Naturally, tumor markers are among the analytes normally monitored in cancer patients. An ideal tumor marker test should have the following five attributes: high positive and negative predictive values; inexpensiveness and simplicity; clearly defined reference levels; patient acceptability; and validation from a large prospective trial. Unfortunately, no such ideal tumor marker exists! And with the current generation of tumor marker tests, tremendous variability is seen in the results generated by different products and methodologies. Efforts are underway to minimize variability by standardizing these tests, but this is an ongoing process. In addition, methodologies need to be checked for uncommon but potentially important interferences due to cross-reactivity and heterophile antibodies. Inter-laboratory variation may also be problematic, and where possible should be eliminated by using the same laboratory and methodology for tumor marker tests.

Also, we need to be aware of non-routine cancer markers, particularly where a poor appreciation of their link to cancer may contribute to a misdiagnosis or delay in treatment. The human chorionic gonadotropin (hCG) marker used for pregnancy testing is a perfect illustration of this problem. In addition to its various degradation products, the hCG molecule has five different forms: intact hCG and hyperglycosylated hCG molecules (consisting of an alpha and a beta chain), produced by the placenta during pregnancy; sulfated hCG, produced during the menstrual cycle by the pituitary gland; and hCG beta and hyperglycosylated hCG beta, produced by advanced malignancies. The different hCG forms are excreted in urine with varying efficiency, such that the isolated beta chain is most abundant. Furthermore, different pregnancy testing methods detect the different forms with varying efficiency (which we should expect, because the tests were only developed for comparing pregnant with non-pregnant healthy females). Given that up to 48 percent of cancers have detectable urine hCG beta, a number of non-pregnant cancer patients will test positive on a routine pre-surgical urine pregnancy screen. This often results in significant delay of surgery for these patients.

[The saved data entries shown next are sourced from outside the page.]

lemma path_branches_off:
  assumes scc: "scc E C" and v: "v \<in> C" "out_degree_in E C v > 1" and p: "path_in E C p"
  shows "\<exists>q n. path_in E C q \<and> (\<forall>i. \<bar>i\<bar> \<le> int M \<longrightarrow> q i = p i) \<and> n > int M \<and> q n \<noteq> p n"
proof -
  define u where "u = map (\<lambda>j. p (- int M + int j)) [0..<Suc (2 * M)]"
  have u: "walk E C u" unfolding u_def by (rule path_window_walk[OF p])
  have len_u: "length u = Suc (2 * M)" unfolding u_def by simp
  have last_u: "last u = p (int M)" unfolding u_def by (simp add: last_map)
  obtain ys where ys: "walk E C (p (int M) # ys @ [v])"
    using trancl_imp_walk[OF scc_trancl[OF scc path_in_memD[OF p] v(1)]] by blast
  define n where "n = int (length u + length ys + 1) - int M"
  obtain w where w: "w \<in> C" "(v, w) \<in> E" "w \<noteq> p n" using exists_other_successor[OF v(2)] by blast
  define ws where "ws = u @ ys @ [v, w]"
  have "walk E C [v, w]" using v w unfolding walk_def by simp
  then have "walk E C ((p (int M) # ys @ [v]) @ [w])" using walk_append[OF ys, of "[w]"] by simp
  then have "walk E C ws" using walk_append[OF u, of "ys @ [v, w]"] last_u unfolding ws_def by simp
  then obtain q where q: "path_in E C q" "\<forall>j < length ws. q (- int M + int j) = ws ! j"
    using walk_extends_to_periodic_path[OF scc, of ws "- int M"] by blast
  have "q i = p i" if i: "\<bar>i\<bar> \<le> int M" for i
  proof -
    have "nat (i + int M) < length ws" using window_nth(1)[OF i] len_u unfolding ws_def by simp
    then have "q (- int M + int (nat (i + int M))) = ws ! nat (i + int M)" using q(2) by blast
    also have "\<dots> = u ! nat (i + int M)"
      using window_nth(1)[OF i] len_u unfolding ws_def by (simp add: nth_append)
    also have "\<dots> = p i" unfolding u_def by (rule window_nth(3)[OF i])
    finally show ?thesis using window_nth(2)[OF i] by simp
  qed
  moreover have "q n = w"
  proof -
    have "length u + length ys + 1 < length ws" "- int M + int (length u + length ys + 1) = n"
      unfolding ws_def n_def by simp_all
    then have "q n = ws ! (length u + length ys + 1)" using q(2) by metis
    then show ?thesis unfolding ws_def by (simp add: nth_append)
  qed
  moreover have "n > int M" unfolding n_def using len_u by simp
  ultimately show ?thesis using q(1) w(3) by blast
qed

section \<open>A universal path\<close>

text \<open>A path visiting every walk of \<open>C\<close> infinitely often: \<open>universal_prefix\<close> grows by
  appending, after a connecting walk, the walk coded by the first component of \<open>k\<close>; coding
  pairs makes every walk recur for infinitely many \<open>k\<close>.\<close>

definition enum_walk :: "('v::finite \<times> 'v) set \<Rightarrow> 'v set \<Rightarrow> 'v \<Rightarrow> nat \<Rightarrow> 'v list" where
  "enum_walk E C c0 k = (let ws = from_nat (fst (prod_decode k)) in if walk E C ws then ws else [c0])"

definition connector :: "('v \<times> 'v) set \<Rightarrow> 'v set \<Rightarrow> 'v \<Rightarrow> 'v list \<Rightarrow> 'v list" where
  "connector E C a ws = (SOME ys. walk E C (a # ys @ ws))"

primrec universal_prefix :: "('v::finite \<times> 'v) set \<Rightarrow> 'v set \<Rightarrow> 'v \<Rightarrow> nat \<Rightarrow> 'v list" where
  "universal_prefix E C c0 0 = [c0]"
| "universal_prefix E C c0 (Suc k) = universal_prefix E C c0 k
     @ connector E C (last (universal_prefix E C c0 k)) (enum_walk E C c0 k) @ enum_walk E C c0 k"

definition universal_seq :: "('v::finite \<times> 'v) set \<Rightarrow> 'v set \<Rightarrow> 'v \<Rightarrow> nat \<Rightarrow> 'v" where
  "universal_seq E C c0 i = universal_prefix E C c0 (Suc i) ! i"

lemma enum_walk_walk: "c0 \<in> C \<Longrightarrow> walk E C (enum_walk E C c0 k)"
  unfolding enum_walk_def Let_def walk_def by auto

lemma universal_prefix_walk:
  assumes scc: "scc E C" and c0: "c0 \<in> C"
  shows "walk E C (universal_prefix E C c0 k)"
proof (induction k)
  case 0
  then show ?case using c0 unfolding walk_def by simp
next
  case (Suc k)
  let ?a = "last (universal_prefix E C c0 k)" and ?w = "enum_walk E C c0 k"
  have "?a \<in> C" using Suc.IH unfolding walk_def by auto
  then have "\<exists>ys. walk E C (?a # ys @ ?w)" using walk_connect[OF scc _ enum_walk_walk[OF c0]] by blast
  then have "walk E C (?a # connector E C ?a ?w @ ?w)" unfolding connector_def by (rule someI_ex)
  then show ?case using walk_append[OF Suc.IH] by simp
qed

lemma length_universal_prefix: "Suc k \<le> length (universal_prefix E C c0 k)"
proof (induction k)
  case (Suc k)
  have "enum_walk E C c0 k \<noteq> []" unfolding enum_walk_def Let_def walk_def by auto
  then have "0 < length (enum_walk E C c0 k)" by simp
  then show ?case using Suc.IH unfolding universal_prefix.simps length_append by linarith
qed simp

lemma universal_prefix_nth_stable:
  "i < length (universal_prefix E C c0 k) \<Longrightarrow> universal_prefix E C c0 (k + d) ! i = universal_prefix E C c0 k ! i"
proof (induction d)
  case (Suc d)
  have "length (universal_prefix E C c0 k) \<le> length (universal_prefix E C c0 (k + d))"
    by (induction d) auto
  then show ?case using Suc by (simp add: nth_append)
qed simp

Finally, new treatments for cancer, such as immunotherapies, can have unexpected effects on laboratory testing. For example, we have seen an experimental antibody therapy for multiple myeloma, aimed at the CD38 antigen, cause a positive pan-agglutinin-type result in the blood bank antibody screen.

In summary, the best advice for laboratory staff is to work closely with their oncology colleagues when unexpected laboratory results occur in cancer patients, as it is very possible that the cancer or the treatment is playing a significant role.